- _Data excerpts_
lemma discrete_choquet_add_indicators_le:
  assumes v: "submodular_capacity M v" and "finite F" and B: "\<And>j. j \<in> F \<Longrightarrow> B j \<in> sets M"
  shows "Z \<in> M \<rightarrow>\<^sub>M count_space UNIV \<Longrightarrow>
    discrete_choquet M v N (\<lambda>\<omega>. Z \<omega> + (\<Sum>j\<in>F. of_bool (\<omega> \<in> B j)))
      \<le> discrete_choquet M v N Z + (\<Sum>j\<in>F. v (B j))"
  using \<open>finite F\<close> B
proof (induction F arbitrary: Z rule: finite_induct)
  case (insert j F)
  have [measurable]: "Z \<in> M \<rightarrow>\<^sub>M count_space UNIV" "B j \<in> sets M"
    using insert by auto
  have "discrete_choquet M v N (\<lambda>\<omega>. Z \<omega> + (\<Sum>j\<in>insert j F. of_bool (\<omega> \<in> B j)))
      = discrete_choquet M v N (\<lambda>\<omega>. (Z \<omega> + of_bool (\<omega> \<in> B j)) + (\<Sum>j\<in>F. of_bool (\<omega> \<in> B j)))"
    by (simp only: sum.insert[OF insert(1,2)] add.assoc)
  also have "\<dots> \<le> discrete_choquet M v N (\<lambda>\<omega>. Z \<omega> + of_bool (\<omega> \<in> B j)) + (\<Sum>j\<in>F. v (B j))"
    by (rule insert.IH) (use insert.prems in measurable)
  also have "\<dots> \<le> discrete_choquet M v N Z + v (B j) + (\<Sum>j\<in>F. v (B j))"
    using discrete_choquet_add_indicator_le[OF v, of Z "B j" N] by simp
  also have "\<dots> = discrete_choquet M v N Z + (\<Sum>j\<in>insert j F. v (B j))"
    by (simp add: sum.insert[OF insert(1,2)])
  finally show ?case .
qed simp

--

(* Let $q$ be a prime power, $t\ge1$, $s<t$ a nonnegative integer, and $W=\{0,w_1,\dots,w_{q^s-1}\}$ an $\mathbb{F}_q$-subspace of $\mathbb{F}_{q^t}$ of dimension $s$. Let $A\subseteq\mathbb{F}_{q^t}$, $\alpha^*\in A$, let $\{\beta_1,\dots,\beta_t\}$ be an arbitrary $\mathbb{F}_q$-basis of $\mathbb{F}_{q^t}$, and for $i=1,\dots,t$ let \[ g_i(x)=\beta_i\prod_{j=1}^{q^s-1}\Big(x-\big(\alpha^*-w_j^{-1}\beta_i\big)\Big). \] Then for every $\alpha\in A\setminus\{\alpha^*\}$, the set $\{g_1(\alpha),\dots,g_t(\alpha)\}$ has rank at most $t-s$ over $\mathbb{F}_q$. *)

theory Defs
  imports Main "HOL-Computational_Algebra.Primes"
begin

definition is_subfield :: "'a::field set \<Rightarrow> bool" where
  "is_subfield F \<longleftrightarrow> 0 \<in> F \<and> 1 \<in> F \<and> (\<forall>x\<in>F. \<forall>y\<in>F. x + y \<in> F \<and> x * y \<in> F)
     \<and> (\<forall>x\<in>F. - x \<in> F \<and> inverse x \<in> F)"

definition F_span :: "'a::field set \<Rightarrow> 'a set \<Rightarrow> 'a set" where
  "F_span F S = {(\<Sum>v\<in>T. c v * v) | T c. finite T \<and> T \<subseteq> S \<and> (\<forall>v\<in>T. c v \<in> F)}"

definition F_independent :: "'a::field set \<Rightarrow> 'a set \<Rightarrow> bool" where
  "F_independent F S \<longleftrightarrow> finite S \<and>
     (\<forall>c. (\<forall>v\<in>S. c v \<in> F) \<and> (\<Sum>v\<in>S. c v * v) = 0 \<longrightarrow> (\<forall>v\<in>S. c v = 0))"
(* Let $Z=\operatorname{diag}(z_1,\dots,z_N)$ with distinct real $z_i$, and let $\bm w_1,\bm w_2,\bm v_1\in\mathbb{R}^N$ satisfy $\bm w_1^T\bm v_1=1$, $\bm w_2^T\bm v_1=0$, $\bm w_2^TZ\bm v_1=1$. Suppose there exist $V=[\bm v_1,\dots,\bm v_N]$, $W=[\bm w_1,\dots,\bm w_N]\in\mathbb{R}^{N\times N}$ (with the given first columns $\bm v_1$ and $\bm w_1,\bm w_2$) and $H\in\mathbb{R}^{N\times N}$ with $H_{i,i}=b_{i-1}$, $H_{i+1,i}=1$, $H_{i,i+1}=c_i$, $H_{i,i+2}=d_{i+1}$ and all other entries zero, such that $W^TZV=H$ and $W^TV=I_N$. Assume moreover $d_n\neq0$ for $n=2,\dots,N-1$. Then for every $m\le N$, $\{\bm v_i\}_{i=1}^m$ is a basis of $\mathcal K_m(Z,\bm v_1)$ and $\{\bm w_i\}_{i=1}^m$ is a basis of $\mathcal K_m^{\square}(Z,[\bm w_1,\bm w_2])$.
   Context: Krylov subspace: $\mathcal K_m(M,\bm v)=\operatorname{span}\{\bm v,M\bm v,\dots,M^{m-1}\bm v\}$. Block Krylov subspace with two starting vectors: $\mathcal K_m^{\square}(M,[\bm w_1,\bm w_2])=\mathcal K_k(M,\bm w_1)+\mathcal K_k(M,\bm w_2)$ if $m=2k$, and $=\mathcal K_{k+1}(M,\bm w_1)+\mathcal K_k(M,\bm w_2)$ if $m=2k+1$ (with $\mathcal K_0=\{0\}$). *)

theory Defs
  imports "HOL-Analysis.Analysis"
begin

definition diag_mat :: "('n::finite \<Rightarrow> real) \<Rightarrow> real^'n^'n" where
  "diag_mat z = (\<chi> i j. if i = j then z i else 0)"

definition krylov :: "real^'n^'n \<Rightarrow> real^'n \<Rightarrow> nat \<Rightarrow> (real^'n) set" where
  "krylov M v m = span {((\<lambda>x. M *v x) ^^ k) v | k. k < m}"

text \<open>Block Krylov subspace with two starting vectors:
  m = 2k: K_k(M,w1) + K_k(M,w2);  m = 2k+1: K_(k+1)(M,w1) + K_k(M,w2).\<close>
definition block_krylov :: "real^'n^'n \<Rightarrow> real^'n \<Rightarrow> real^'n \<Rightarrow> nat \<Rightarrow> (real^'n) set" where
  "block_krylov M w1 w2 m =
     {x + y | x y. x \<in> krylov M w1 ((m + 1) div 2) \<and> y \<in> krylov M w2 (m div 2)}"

- _Work instructions_
Review the entries above and return every line where "starting" appears.

- _Exercise solution_
   Context: Krylov subspace: $\mathcal K_m(M,\bm v)=\operatorname{span}\{\bm v,M\bm v,\dots,M^{m-1}\bm v\}$. Block Krylov subspace with two starting vectors: $\mathcal K_m^{\square}(M,[\bm w_1,\bm w_2])=\mathcal K_k(M,\bm w_1)+\mathcal K_k(M,\bm w_2)$ if $m=2k$, and $=\mathcal K_{k+1}(M,\bm w_1)+\mathcal K_k(M,\bm w_2)$ if $m=2k+1$ (with $\mathcal K_0=\{0\}$). *)
text \<open>Block Krylov subspace with two starting vectors:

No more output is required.